[INPUT DATA — start]

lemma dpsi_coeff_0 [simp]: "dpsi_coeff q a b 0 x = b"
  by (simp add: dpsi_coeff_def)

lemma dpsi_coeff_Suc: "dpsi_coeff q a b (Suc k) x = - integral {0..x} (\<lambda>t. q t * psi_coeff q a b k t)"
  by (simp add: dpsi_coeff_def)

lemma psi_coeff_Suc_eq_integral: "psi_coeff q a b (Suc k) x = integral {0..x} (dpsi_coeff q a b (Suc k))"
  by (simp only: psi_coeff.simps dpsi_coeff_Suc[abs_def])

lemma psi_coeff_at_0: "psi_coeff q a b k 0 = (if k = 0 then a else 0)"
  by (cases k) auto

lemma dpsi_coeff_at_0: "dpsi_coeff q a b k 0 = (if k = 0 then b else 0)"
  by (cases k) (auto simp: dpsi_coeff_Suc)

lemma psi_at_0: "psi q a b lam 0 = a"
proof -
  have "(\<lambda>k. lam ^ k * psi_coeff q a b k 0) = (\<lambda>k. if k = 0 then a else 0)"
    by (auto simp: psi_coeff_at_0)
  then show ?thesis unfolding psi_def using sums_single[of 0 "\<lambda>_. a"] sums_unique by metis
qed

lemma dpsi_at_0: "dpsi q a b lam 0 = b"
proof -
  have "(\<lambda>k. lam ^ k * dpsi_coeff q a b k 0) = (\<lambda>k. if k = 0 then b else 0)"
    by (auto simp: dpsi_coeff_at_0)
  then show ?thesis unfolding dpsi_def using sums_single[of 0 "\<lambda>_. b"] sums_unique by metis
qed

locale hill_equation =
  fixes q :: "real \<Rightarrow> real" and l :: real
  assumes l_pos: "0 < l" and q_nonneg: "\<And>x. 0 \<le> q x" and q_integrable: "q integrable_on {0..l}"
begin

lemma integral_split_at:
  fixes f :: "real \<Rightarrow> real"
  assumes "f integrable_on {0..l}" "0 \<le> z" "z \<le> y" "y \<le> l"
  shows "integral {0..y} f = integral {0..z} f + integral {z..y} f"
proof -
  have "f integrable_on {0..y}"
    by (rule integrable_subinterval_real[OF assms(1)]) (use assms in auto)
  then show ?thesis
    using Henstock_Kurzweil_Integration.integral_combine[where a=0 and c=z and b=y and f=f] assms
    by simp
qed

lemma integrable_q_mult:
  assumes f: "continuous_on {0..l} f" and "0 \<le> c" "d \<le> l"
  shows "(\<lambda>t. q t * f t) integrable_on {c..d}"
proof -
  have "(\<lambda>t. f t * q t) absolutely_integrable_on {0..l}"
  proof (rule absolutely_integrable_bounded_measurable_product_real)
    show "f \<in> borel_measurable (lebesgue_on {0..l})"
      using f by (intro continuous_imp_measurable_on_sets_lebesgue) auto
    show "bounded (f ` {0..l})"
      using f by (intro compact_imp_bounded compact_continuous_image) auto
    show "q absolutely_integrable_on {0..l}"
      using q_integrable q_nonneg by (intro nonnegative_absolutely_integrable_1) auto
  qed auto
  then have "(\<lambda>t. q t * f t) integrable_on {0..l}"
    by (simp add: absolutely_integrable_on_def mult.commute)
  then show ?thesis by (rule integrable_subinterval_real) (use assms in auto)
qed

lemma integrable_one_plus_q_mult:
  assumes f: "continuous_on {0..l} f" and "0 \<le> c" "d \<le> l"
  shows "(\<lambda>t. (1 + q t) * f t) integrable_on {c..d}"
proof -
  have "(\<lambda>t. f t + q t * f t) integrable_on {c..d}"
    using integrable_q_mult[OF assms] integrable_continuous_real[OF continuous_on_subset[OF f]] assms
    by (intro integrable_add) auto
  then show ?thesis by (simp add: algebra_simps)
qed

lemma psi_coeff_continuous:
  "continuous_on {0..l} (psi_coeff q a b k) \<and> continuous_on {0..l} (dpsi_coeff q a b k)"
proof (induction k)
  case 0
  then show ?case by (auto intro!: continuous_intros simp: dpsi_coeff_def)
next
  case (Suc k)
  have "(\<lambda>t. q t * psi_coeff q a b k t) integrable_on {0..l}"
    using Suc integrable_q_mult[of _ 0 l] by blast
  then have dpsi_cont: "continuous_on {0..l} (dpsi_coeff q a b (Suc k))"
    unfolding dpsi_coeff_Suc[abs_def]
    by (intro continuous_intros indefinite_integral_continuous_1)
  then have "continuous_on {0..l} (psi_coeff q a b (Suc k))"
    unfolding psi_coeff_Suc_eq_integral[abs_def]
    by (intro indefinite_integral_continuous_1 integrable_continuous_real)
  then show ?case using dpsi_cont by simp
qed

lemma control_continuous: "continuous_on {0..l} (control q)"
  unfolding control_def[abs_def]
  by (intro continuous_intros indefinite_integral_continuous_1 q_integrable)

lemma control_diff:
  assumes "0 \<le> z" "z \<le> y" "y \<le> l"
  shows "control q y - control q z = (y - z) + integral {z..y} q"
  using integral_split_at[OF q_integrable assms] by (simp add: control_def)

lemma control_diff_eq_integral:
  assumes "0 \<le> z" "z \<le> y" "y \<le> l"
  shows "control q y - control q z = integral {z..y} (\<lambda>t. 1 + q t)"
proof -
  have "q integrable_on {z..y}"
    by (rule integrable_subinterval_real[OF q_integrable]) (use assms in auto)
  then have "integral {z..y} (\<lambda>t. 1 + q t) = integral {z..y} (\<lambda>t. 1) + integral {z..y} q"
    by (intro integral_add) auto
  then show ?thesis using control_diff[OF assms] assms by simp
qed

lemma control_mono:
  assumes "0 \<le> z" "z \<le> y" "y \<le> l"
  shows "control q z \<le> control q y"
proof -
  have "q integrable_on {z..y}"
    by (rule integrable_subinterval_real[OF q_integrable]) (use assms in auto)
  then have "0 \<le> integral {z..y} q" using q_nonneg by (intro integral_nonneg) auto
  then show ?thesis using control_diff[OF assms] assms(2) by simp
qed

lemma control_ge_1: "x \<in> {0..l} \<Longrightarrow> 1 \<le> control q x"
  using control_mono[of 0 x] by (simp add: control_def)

[INPUT DATA — finish]
[INPUT DATA — start]

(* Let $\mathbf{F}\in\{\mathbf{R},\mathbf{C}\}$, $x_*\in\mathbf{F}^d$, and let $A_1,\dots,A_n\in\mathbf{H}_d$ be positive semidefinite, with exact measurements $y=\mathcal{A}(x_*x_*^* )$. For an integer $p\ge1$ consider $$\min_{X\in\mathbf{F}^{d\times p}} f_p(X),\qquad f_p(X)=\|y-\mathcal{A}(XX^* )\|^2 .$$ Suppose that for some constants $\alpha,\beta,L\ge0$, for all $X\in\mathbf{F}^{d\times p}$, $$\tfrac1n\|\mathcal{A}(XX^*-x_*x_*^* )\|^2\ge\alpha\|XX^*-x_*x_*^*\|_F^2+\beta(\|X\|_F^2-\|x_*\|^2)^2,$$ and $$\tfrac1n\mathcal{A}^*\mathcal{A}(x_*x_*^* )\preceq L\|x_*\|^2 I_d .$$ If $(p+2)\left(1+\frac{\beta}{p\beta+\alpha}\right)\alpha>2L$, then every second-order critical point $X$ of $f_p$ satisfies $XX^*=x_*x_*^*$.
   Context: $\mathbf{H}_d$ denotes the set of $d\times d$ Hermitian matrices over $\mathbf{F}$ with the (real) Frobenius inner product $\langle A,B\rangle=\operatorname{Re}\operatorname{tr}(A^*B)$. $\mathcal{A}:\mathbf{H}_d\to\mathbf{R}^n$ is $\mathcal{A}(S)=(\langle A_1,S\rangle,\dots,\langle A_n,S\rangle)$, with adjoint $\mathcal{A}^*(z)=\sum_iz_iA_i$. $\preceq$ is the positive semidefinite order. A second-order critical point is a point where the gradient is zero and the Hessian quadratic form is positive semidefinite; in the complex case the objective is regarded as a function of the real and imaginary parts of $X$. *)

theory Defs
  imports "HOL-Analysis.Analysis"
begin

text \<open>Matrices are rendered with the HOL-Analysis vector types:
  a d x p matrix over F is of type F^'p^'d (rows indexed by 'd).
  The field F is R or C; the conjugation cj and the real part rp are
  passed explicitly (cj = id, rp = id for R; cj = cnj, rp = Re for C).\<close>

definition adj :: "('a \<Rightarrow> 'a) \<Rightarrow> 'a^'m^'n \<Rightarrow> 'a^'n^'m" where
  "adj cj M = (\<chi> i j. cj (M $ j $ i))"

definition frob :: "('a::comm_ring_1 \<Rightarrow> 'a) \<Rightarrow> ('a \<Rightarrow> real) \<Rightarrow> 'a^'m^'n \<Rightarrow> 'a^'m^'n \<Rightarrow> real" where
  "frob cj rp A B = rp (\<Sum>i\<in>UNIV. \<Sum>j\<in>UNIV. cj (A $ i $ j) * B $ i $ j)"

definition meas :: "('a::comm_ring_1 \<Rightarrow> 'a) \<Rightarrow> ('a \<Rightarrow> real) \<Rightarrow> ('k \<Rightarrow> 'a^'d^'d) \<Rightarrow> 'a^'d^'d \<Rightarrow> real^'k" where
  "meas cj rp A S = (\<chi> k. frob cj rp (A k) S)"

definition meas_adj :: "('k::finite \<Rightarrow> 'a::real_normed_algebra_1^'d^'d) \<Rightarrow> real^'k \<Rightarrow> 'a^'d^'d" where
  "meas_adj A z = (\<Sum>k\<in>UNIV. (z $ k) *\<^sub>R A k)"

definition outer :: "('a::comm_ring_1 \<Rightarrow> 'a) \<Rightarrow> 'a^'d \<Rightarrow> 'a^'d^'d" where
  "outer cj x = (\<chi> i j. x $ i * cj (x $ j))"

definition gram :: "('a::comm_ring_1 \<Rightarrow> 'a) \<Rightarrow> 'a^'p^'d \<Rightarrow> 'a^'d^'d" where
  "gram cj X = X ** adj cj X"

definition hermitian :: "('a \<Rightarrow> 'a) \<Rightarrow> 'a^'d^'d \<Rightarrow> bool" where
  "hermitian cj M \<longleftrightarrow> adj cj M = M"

[INPUT DATA — finish]
[INPUT DATA — start]

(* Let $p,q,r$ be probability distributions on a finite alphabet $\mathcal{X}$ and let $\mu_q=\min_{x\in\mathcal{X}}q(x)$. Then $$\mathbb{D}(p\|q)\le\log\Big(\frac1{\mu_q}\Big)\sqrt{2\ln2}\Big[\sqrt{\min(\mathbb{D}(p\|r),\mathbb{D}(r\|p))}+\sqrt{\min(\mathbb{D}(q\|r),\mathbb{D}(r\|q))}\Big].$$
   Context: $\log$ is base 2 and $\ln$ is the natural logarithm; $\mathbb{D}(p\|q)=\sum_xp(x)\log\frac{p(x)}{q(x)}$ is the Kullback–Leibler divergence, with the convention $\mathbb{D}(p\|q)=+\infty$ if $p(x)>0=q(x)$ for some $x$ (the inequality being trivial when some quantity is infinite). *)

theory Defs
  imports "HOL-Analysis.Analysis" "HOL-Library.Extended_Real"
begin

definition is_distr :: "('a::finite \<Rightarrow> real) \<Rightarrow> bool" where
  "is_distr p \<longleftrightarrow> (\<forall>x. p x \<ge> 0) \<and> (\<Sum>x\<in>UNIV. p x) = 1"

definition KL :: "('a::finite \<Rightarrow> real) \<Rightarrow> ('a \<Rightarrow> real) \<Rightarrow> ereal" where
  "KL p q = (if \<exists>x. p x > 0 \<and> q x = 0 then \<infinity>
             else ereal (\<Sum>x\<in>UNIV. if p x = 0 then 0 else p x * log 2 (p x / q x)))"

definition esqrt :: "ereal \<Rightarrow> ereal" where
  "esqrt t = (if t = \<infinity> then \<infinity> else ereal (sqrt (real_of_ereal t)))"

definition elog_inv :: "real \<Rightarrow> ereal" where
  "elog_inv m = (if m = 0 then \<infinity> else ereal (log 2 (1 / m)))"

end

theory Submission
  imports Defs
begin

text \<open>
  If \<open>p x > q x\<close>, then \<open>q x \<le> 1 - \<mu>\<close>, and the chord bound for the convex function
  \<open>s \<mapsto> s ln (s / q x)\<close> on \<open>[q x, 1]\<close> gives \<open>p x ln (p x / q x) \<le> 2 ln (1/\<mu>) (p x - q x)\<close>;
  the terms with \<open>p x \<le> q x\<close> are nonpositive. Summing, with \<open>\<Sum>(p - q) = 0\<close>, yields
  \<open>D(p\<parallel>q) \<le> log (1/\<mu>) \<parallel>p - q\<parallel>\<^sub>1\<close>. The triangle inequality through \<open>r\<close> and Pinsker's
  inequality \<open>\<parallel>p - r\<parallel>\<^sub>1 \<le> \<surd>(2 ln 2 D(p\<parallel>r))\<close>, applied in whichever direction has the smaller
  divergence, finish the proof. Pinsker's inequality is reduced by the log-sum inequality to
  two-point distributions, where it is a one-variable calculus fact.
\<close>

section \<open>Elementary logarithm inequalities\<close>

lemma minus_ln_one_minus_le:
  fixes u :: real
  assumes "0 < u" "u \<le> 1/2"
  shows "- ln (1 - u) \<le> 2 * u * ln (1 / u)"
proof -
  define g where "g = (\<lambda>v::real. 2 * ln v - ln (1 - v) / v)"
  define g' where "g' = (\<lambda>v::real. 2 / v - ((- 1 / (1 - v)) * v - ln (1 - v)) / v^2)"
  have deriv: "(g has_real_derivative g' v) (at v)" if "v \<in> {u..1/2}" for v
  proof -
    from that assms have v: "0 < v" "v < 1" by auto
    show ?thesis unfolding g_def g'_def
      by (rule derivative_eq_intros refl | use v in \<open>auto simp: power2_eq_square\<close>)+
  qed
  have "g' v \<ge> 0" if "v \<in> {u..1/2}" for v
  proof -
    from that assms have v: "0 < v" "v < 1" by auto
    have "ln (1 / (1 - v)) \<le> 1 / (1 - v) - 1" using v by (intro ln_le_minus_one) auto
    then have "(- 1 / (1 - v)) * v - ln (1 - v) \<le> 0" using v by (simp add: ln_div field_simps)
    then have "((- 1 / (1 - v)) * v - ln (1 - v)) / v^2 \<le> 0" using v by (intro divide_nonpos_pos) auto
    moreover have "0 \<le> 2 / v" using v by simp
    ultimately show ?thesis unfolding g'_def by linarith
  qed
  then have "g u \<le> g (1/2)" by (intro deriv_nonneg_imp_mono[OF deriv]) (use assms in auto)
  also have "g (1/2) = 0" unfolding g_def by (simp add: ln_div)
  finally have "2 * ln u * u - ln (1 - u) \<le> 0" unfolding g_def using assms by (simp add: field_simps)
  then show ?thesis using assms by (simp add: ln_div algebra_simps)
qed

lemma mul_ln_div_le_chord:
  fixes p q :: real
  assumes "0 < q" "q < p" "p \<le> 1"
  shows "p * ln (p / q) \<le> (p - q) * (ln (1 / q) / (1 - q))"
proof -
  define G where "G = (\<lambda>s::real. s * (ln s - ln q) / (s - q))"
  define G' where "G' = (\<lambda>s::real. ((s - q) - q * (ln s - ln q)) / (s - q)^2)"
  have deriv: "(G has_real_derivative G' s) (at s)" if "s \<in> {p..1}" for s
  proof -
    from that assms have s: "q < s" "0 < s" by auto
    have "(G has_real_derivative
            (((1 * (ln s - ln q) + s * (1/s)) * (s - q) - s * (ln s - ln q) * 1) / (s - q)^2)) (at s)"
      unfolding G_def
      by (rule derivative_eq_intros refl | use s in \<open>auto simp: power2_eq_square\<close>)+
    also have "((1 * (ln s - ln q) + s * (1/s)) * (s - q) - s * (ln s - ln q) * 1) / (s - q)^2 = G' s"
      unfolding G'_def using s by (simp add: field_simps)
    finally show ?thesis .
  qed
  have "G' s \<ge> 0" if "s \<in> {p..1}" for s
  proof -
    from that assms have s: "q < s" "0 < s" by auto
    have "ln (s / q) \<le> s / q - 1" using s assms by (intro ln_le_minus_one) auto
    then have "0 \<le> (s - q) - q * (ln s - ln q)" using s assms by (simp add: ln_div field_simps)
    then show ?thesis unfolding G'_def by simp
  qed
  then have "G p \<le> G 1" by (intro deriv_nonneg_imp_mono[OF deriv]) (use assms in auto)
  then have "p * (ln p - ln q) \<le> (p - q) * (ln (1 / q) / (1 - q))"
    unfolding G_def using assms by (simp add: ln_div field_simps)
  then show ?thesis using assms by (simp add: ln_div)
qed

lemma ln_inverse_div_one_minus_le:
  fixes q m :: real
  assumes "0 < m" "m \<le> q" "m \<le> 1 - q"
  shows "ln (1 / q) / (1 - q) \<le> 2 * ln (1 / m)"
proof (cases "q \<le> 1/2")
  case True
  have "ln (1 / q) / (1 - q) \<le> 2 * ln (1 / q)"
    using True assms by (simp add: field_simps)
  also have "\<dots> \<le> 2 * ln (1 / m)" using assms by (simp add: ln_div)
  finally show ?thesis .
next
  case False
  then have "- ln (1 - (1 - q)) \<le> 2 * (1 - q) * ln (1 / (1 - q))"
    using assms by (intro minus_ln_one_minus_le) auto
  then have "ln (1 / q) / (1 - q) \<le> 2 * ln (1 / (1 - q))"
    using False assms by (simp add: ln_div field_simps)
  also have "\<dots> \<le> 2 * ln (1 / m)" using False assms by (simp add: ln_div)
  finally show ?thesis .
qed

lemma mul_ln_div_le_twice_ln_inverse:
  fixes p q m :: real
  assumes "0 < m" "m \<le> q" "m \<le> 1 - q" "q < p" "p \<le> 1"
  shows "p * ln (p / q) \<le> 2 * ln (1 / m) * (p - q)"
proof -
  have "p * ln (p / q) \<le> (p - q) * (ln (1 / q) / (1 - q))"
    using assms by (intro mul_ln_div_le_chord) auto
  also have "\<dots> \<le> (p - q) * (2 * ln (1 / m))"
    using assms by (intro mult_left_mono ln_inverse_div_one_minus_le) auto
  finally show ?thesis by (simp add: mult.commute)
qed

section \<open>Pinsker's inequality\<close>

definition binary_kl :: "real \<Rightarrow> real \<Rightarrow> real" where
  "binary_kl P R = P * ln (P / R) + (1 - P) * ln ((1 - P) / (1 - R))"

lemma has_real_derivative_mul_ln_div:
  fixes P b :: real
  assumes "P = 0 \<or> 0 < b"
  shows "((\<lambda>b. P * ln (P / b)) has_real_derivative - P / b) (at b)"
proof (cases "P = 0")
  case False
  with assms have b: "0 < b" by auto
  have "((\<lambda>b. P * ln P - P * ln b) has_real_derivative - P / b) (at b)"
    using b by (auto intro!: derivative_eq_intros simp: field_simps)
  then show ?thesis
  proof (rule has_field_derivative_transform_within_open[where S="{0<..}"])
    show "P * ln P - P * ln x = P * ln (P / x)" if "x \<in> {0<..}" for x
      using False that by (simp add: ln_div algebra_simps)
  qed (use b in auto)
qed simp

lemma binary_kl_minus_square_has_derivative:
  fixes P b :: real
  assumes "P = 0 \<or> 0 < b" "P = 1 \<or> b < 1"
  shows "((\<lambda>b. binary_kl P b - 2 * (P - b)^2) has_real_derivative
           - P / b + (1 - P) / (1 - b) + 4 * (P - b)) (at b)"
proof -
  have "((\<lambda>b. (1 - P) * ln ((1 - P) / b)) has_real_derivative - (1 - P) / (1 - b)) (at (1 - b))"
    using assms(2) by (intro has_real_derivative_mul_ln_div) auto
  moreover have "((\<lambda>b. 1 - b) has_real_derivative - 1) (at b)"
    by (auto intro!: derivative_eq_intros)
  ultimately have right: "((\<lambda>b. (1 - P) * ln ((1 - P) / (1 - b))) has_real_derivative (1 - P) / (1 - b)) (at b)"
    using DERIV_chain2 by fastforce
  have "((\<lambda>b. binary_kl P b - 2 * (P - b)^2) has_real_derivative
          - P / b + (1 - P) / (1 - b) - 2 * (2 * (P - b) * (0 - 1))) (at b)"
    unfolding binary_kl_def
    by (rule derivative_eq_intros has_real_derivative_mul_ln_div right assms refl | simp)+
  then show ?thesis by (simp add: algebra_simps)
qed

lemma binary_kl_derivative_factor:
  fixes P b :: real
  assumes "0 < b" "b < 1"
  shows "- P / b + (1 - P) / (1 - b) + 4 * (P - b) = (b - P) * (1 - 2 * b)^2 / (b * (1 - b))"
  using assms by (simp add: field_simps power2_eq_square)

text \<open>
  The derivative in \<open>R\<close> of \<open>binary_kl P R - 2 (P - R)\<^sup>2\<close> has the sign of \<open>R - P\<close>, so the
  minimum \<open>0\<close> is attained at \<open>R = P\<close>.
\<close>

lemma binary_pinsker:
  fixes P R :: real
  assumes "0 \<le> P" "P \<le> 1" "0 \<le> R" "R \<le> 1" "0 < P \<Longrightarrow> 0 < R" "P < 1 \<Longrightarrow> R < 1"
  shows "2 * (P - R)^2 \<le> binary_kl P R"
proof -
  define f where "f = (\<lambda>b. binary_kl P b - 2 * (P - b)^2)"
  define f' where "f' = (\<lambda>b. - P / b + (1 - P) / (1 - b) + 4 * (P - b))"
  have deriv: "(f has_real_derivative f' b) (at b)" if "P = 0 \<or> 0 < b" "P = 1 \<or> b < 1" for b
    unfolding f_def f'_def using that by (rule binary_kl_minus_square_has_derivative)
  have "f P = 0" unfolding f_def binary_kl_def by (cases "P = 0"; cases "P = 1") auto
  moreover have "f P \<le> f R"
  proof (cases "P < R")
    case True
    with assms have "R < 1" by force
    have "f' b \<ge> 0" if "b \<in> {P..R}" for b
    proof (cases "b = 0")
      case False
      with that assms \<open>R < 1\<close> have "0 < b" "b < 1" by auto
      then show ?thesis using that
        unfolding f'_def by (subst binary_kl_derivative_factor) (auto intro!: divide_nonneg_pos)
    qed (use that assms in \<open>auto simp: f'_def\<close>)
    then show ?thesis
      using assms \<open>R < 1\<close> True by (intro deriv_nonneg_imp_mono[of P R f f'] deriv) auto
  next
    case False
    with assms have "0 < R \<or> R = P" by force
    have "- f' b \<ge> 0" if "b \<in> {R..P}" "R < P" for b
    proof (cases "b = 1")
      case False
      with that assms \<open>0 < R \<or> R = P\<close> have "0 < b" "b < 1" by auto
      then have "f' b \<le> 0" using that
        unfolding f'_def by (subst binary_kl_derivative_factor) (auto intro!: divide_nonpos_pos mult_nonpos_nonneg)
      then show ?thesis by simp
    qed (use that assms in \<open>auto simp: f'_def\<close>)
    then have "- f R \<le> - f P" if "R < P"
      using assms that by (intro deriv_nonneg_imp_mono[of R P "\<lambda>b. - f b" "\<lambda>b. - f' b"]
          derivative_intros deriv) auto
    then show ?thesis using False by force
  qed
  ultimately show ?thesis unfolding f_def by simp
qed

[INPUT DATA — finish]

◆ ACTIVITY: Each line in the data where the string "False" occurs should be identified and copied.

◆ RESULT FOR THIS EXERCISE:
  case False
    using False assms by (simp add: ln_div field_simps)
  also have "\<dots> \<le> 2 * ln (1 / m)" using False assms by (simp add: ln_div)
  case False
      using False that by (simp add: ln_div algebra_simps)
      case False
    case False
      case False
    then show ?thesis using False by force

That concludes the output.